JNIEXPORT jbyteArray JNICALL
Java_com_cloudera_impala_service_FeSupport_NativePrioritizeLoad(
JNIEnv* env, jclass caller_class, jbyteArray thrift_struct) {
TPrioritizeLoadRequest request;
DeserializeThriftMsg(env, thrift_struct, &request);
CatalogOpExecutor catalog_op_executor(ExecEnv::GetInstance(), NULL);
TPrioritizeLoadResponse result;
Status status = catalog_op_executor.PrioritizeLoad(request, &result);
if (!status.ok()) {
LOG(ERROR) << status.GetErrorMsg();
// Create a new Status, copy in this error, then update the result.
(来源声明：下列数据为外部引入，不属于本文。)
(* Consider the $\lambda$-SAGA algorithm (defined in the context) with fixed $\lambda\in[0,1]$ and positive deterministic step sequence $(\gamma_n)$ that is non-increasing. Assume there is a point $x^*$ with $\nabla f(x^* )=0$ and a constant $L>0$ such that for all $x$, $\tau^2(x)\le L\|x-x^*\|^2$. Define $V_n=\|X_n-x^*\|^2$ and, for $n\ge2$, $T_n=V_n+3N\gamma_{n-1}^2A_n$. Then for all $n\ge2$, almost surely, $$\mathbb E[A_{n+1}\mid\mathcal F_n]=\tfrac1N\tau^2(X_n)+\big(1-\tfrac1N\big)A_n,$$ and $$\mathbb E[T_{n+1}\mid\mathcal F_n]\le(1+6L\gamma_n^2)T_n-2\gamma_n\langle X_n-x^*,\nabla f(X_n)\rangle+3\gamma_n^2\theta^*.$$
   Context: Let $N,d\ge1$ be integers, $f_1,\dots,f_N:\mathbb R^d\to\mathbb R$ differentiable, and $f=\frac1N\sum_{k=1}^N f_k$. The $\lambda$-SAGA algorithm with parameter $\lambda\in[0,1]$ and positive deterministic steps $(\gamma_n)_{n\ge1}$: let $X_0,X_1$ be square-integrable random vectors in $\mathbb R^d$ and $(U_n)_{n\ge2}$ i.i.d. uniform on $\{1,\dots,N\}$, independent of $(X_0,X_1)$. Set $g_{1,k}=\nabla f_k(X_0)$ for $k=1,\dots,N$ and for $n\ge1$: $X_{n+1}=X_n-\gamma_n\Big(\nabla f_{U_{n+1}}(X_n)-\lambda\big(g_{n,U_{n+1}}-\frac1N\sum_{k=1}^N g_{n,k}\big)\Big)$, and $g_{n+1,k}=\nabla f_k(X_n)$ if $U_{n+1}=k$, $g_{n+1,k}=g_{n,k}$ otherwise. Let $\mathcal F_n=\sigma(X_0,X_1,U_2,\dots,U_n)$. Define $\phi_{n,k}$ by $\phi_{1,k}=X_0$, $\phi_{n+1,k}=X_n$ if $U_{n+1}=k$ and $\phi_{n+1,k}=\phi_{n,k}$ otherwise (so $g_{n,k}=\nabla f_k(\phi_{n,k})$). Notation: $\tau^2(x)=\frac1N\sum_{k=1}^N\|\nabla f_k(x)-\nabla f_k(x^* )\|^2$, $A_n=\frac1N\sum_{k=1}^N\|\nabla f_k(\phi_{n,k})-\nabla f_k(x^* )\|^2$, $\theta^*=\frac1N\sum_{k=1}^N\|\nabla f_k(x^* )\|^2$. *)

theory Defs
  imports "HOL-Probability.Probability"
begin
text \<open>Double counting: \<open>(B, x) \<mapsto> (insert x B, x)\<close> is injective on pairs with \<open>x \<notin> B\<close>.\<close>
lemma card_overlapping_subsets_Suc:
  assumes "b < P"
  shows "card (overlapping_subsets s P A b) * (P - b) \<le> card (overlapping_subsets s P A (Suc b)) * Suc b"
proof -
  define S where "S = Sigma (overlapping_subsets s P A b) (\<lambda>B. {..<P} - B)"
  define S' where "S' = Sigma (overlapping_subsets s P A (Suc b)) (\<lambda>B. B)"
  have "card S = (\<Sum>B\<in>overlapping_subsets s P A b. card ({..<P} - B))"
    unfolding S_def by (rule card_SigmaI) (auto simp: finite_overlapping_subsets)
  also have "\<dots> = (\<Sum>B\<in>overlapping_subsets s P A b. P - b)"
    by (rule sum.cong) (auto simp: overlapping_subsets_def card_Diff_subset finite_subset)
  also have "\<dots> = card (overlapping_subsets s P A b) * (P - b)"
    by simp
  finally have card_S: "card S = card (overlapping_subsets s P A b) * (P - b)" .
  have fin_S': "finite S'"
    unfolding S'_def by (rule finite_SigmaI) (auto simp: finite_overlapping_subsets overlapping_subsets_def finite_subset)
  have "card S' = (\<Sum>B\<in>overlapping_subsets s P A (Suc b). card B)"
    unfolding S'_def by (rule card_SigmaI) (auto simp: finite_overlapping_subsets overlapping_subsets_def finite_subset)
  also have "\<dots> = card (overlapping_subsets s P A (Suc b)) * Suc b"
    by (simp add: overlapping_subsets_def)
  finally have card_S': "card S' = card (overlapping_subsets s P A (Suc b)) * Suc b" .
  have inj: "inj_on (\<lambda>(B, x). (insert x B, x)) S"
    unfolding S_def by (auto simp: inj_on_def) (metis Diff_insert_absorb)+
  have "(\<lambda>(B, x). (insert x B, x)) ` S \<subseteq> S'"
  proof clarify
    fix B x assume "(B, x) \<in> S"
    then have B: "B \<subseteq> {..<P}" "card B = b" "s \<le> card (A \<inter> B)" "x < P" "x \<notin> B"
      by (auto simp: S_def overlapping_subsets_def)
    have fB: "finite B" using finite_subset[OF B(1)] by simp
    have "card (A \<inter> B) \<le> card (A \<inter> insert x B)" by (rule card_mono) (use fB in auto)
    then show "(insert x B, x) \<in> S'" using B fB by (auto simp: S'_def overlapping_subsets_def)
  qed
  from card_inj_on_le[OF inj this fin_S'] show ?thesis
    using card_S card_S' by simp
qed

lemma overlapping_subsets_fraction_mono:
  assumes "b \<le> b'" "b' \<le> P"
  shows "card (overlapping_subsets s P A b) / (P choose b)
           \<le> card (overlapping_subsets s P A b') / (P choose b')"
  using assms
proof (induction b' rule: dec_induct)
  case (step m)
  let ?G = "\<lambda>b. real (card (overlapping_subsets s P A b))"
  have "m < P" using step by simp
  have binom: "real (P choose Suc m) * Suc m = real (P choose m) * (P - m)"
    using binomial_Suc_times_Suc[of P m] by (metis of_nat_mult)
  have count: "?G m * (P - m) \<le> ?G (Suc m) * Suc m"
    using card_overlapping_subsets_Suc[OF \<open>m < P\<close>, of s A] by (metis of_nat_le_iff of_nat_mult)
  have "?G m / (P choose m) = ?G m * (P - m) / ((P choose m) * (P - m))"
    using \<open>m < P\<close> by simp
  also have "\<dots> \<le> ?G (Suc m) * Suc m / ((P choose m) * (P - m))"
    by (rule divide_right_mono[OF count]) simp
  also have "\<dots> = ?G (Suc m) / (P choose Suc m)"
    by (simp flip: binom)
  finally show ?case using step by linarith
qed simp

lemma overlapping_subsets_mono:
  assumes "A' \<subseteq> A"
  shows "overlapping_subsets s P A' b \<subseteq> overlapping_subsets s P A b"
proof
  fix B assume "B \<in> overlapping_subsets s P A' b"
  then have B: "B \<subseteq> {..<P}" "card B = b" "s \<le> card (A' \<inter> B)" by (auto simp: overlapping_subsets_def)
  have "card (A' \<inter> B) \<le> card (A \<inter> B)"
    using assms finite_subset[OF B(1)] by (intro card_mono) auto
  then show "B \<in> overlapping_subsets s P A b" using B by (auto simp: overlapping_subsets_def)
qed

lemma binomial_diff_ge:
  assumes "m \<le> k" "k \<le> n"
  shows "real (n choose m) * (1 - real m * (real d / (real n - real k + 1))) \<le> real ((n - d) choose m)"
  using assms(1)
proof (induction m)
  case (Suc m)
  define r where "r = real d / (real n - real k + 1)"
  have den: "real n - real k + 1 > 0" using assms by simp
  have r0: "r \<ge> 0" unfolding r_def using den by simp
  have IH: "real (n choose m) * (1 - real m * r) \<le> real ((n - d) choose m)"
    using Suc unfolding r_def by simp
  show ?case
  proof (cases "1 - real (Suc m) * r \<le> 0")
    case True
    then have "real (n choose Suc m) * (1 - real (Suc m) * r) \<le> 0" by (simp add: mult_nonneg_nonpos)
    then show ?thesis unfolding r_def[symmetric] by (meson of_nat_0_le_iff order_trans)
  next
    case False
    then have r_lt: "real m * r + r < 1" by (simp add: algebra_simps)
    moreover have "0 \<le> real m * r" using r0 by simp
    ultimately have "r < 1" by linarith
    then have "real d < real n - real k + 1" unfolding r_def using den by (simp add: divide_less_eq)
    then have dm: "d + m < n" using Suc.prems by linarith
    have binom_n: "real (n choose Suc m) * Suc m = real (n choose m) * (real n - real m)"
      using arg_cong[OF binomial_Suc_times_Suc[of n m], of real] dm by (simp add: algebra_simps)
    have "real (n - d - m) = real n - real d - real m" using dm by (simp add: of_nat_diff)
    then have binom_nd: "real ((n - d) choose Suc m) * Suc m = real ((n - d) choose m) * (real n - real d - real m)"
      using binomial_Suc_times_Suc[of "n - d" m] by (metis of_nat_mult)
    have "real d \<le> (real n - real k + 1) * r" unfolding r_def using den by simp
    also have "\<dots> \<le> (real n - real m) * r" using Suc.prems r0 by (intro mult_right_mono) auto
    finally have shrink: "(real n - real m) * (1 - r) \<le> real n - real d - real m"
      by (simp add: algebra_simps)
    have bernoulli: "1 - real (Suc m) * r \<le> (1 - real m * r) * (1 - r)"
      using r0 by (simp add: algebra_simps)
    have "real (n choose Suc m) * (1 - real (Suc m) * r) * Suc m
        = real (n choose m) * (real n - real m) * (1 - real (Suc m) * r)"
      by (subst binom_n[symmetric]) (simp only: mult_ac)
    also have "\<dots> \<le> real (n choose m) * (real n - real m) * ((1 - real m * r) * (1 - r))"
      using dm bernoulli by (intro mult_left_mono) auto
    also have "\<dots> = (real (n choose m) * (1 - real m * r)) * ((real n - real m) * (1 - r))"
      by simp
    also have "\<dots> \<le> real ((n - d) choose m) * (real n - real d - real m)"
      using r0 r_lt dm \<open>r < 1\<close> by (intro mult_mono[OF IH shrink]) auto
    also have "\<dots> = real ((n - d) choose Suc m) * Suc m"
      by (simp only: binom_nd)
    finally show ?thesis
      unfolding r_def[symmetric] by (simp del: of_nat_Suc)
  qed
qed simp

definition union_bound :: "nat \<Rightarrow> nat \<Rightarrow> nat \<Rightarrow> real" where
  "union_bound s K P = real (K choose s)^2 / real (P choose s)"

lemma binomial_fraction_eq:
  assumes "s \<le> K" "K \<le> P"
  shows "real ((P - s) choose (K - s)) / real (P choose K) = real (K choose s) / real (P choose s)"
proof -
  have "real (P choose K) * real (K choose s) = real (P choose s) * real ((P - s) choose (K - s))"
    using choose_mult[OF assms] by (metis of_nat_mult)
  moreover have "real (P choose K) > 0" "real (P choose s) > 0" using assms by auto
  ultimately show ?thesis by (simp add: field_simps)
qed

lemma overlapping_fraction_le:
  assumes "A \<subseteq> {..<P}" "card A = K" "s \<le> K" "K \<le> P"
  shows "card (overlapping_subsets s P A K) / (P choose K) \<le> union_bound s K P"
proof -
  have "real (card (overlapping_subsets s P A K)) \<le> real (K choose s) * real ((P - s) choose (K - s))"
    using card_overlapping_subsets_le[OF assms(1,2,3)] by (metis of_nat_le_iff of_nat_mult)
  then have "card (overlapping_subsets s P A K) / (P choose K)
             \<le> real (K choose s) * (real ((P - s) choose (K - s)) / (P choose K))"
    by (simp add: divide_right_mono)
  also have "\<dots> = union_bound s K P"
    unfolding binomial_fraction_eq[OF assms(3,4)] union_bound_def by (simp add: power2_eq_square)
  finally show ?thesis .
qed

text \<open>Shrink \<open>A\<close> to an \<open>a\<close>-subset and the chosen sets to size \<open>a\<close>, then count the \<open>a\<close>-sets
  meeting that subset in exactly \<open>s\<close> points.\<close>
lemma overlapping_fraction_ge:
  assumes "A \<subseteq> {..<P}" "card A = K" "s \<le> a" "a \<le> K" "K \<le> P"
  shows "union_bound s a P * (1 - real a ^ 2 / (real P - real a + 1))
           \<le> card (overlapping_subsets s P A K) / (P choose K)"
proof -
  obtain A' where A': "A' \<subseteq> A" "card A' = a"
    using obtain_subset_with_card_n[of a A] assms by auto
  have den: "real P - real a + 1 > 0" using assms by simp
  have "(1 - real a ^ 2 / (real P - real a + 1)) \<le> 1 - real (a - s) * (real (a - s) / (real (P - s) - real (a - s) + 1))"
    using den assms by (simp add: of_nat_diff power2_eq_square divide_right_mono mult_mono)
  then have "union_bound s a P * (1 - real a ^ 2 / (real P - real a + 1))
      \<le> union_bound s a P * (1 - real (a - s) * (real (a - s) / (real (P - s) - real (a - s) + 1)))"
    by (intro mult_left_mono) (simp_all add: union_bound_def)
  also have "\<dots> = real (a choose s) * (real ((P - s) choose (a - s)) / (P choose a))
          * (1 - real (a - s) * (real (a - s) / (real (P - s) - real (a - s) + 1)))"
    unfolding binomial_fraction_eq[OF assms(3) order_trans[OF assms(4,5)]] union_bound_def
    by (simp add: power2_eq_square)
  also have "\<dots> = real (a choose s) * (real ((P - s) choose (a - s))
          * (1 - real (a - s) * (real (a - s) / (real (P - s) - real (a - s) + 1)))) / (P choose a)"
    by simp
  also have "\<dots> \<le> real (a choose s) * real ((P - s - (a - s)) choose (a - s)) / (P choose a)"
    using assms by (intro divide_right_mono mult_left_mono binomial_diff_ge) auto
  also have "\<dots> \<le> card (overlapping_subsets s P A' a) / (P choose a)"
    using card_overlapping_subsets_ge[of A' P a s a] A' assms
    by (intro divide_right_mono) (auto simp flip: of_nat_mult)
  also have "\<dots> \<le> card (overlapping_subsets s P A a) / (P choose a)"
    by (intro divide_right_mono of_nat_mono card_mono finite_overlapping_subsets overlapping_subsets_mono A') simp
  also have "\<dots> \<le> card (overlapping_subsets s P A K) / (P choose K)"
    using assms by (intro overlapping_subsets_fraction_mono) auto
  finally show ?thesis .
qed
Status catalog_service_status(result.status);
catalog_service_status.AddError(status);
status.ToThrift(&result.status);
}
jbyteArray result_bytes = NULL;
THROW_IF_ERROR_RET(SerializeThriftMsg(env, &result, &result_bytes), env,
JniUtil::internal_exc_class(), result_bytes);
return result_bytes;
}
c++代码没看懂,不知道怎么调用到了catalogd的代码,不管了,从日志看执行了这行代码HdfsTable.java:916
public void load(Table cachedEntry, HiveMetaStoreClient client,
org.apache.hadoop.hive.metastore.api.Table msTbl) throws TableLoadingException {
numHdfsFiles_ = 0;
totalHdfsBytes_ = 0;
LOG.debug("load table: " + db_.getName() + "." + name_);
...
loadColumns(fieldSchemas, client);
//这里有一些判断是否使用缓存的代码,如果是完全没有缓存,会通过以下方法获取
msPartitions.addAll(MetaStoreUtil.fetchAllPartitions(
client, db_.getName(), name_, NUM_PARTITION_FETCH_RETRIES));
//如果部分分区已经获取过了,会只获取未知分区的元素据
LOG.info(String.format("Incrementally refreshing %d/%d partitions.",
modifiedPartitionNames.size(), totalPartitions));
// No need to make the metastore call if no partitions are to be updated.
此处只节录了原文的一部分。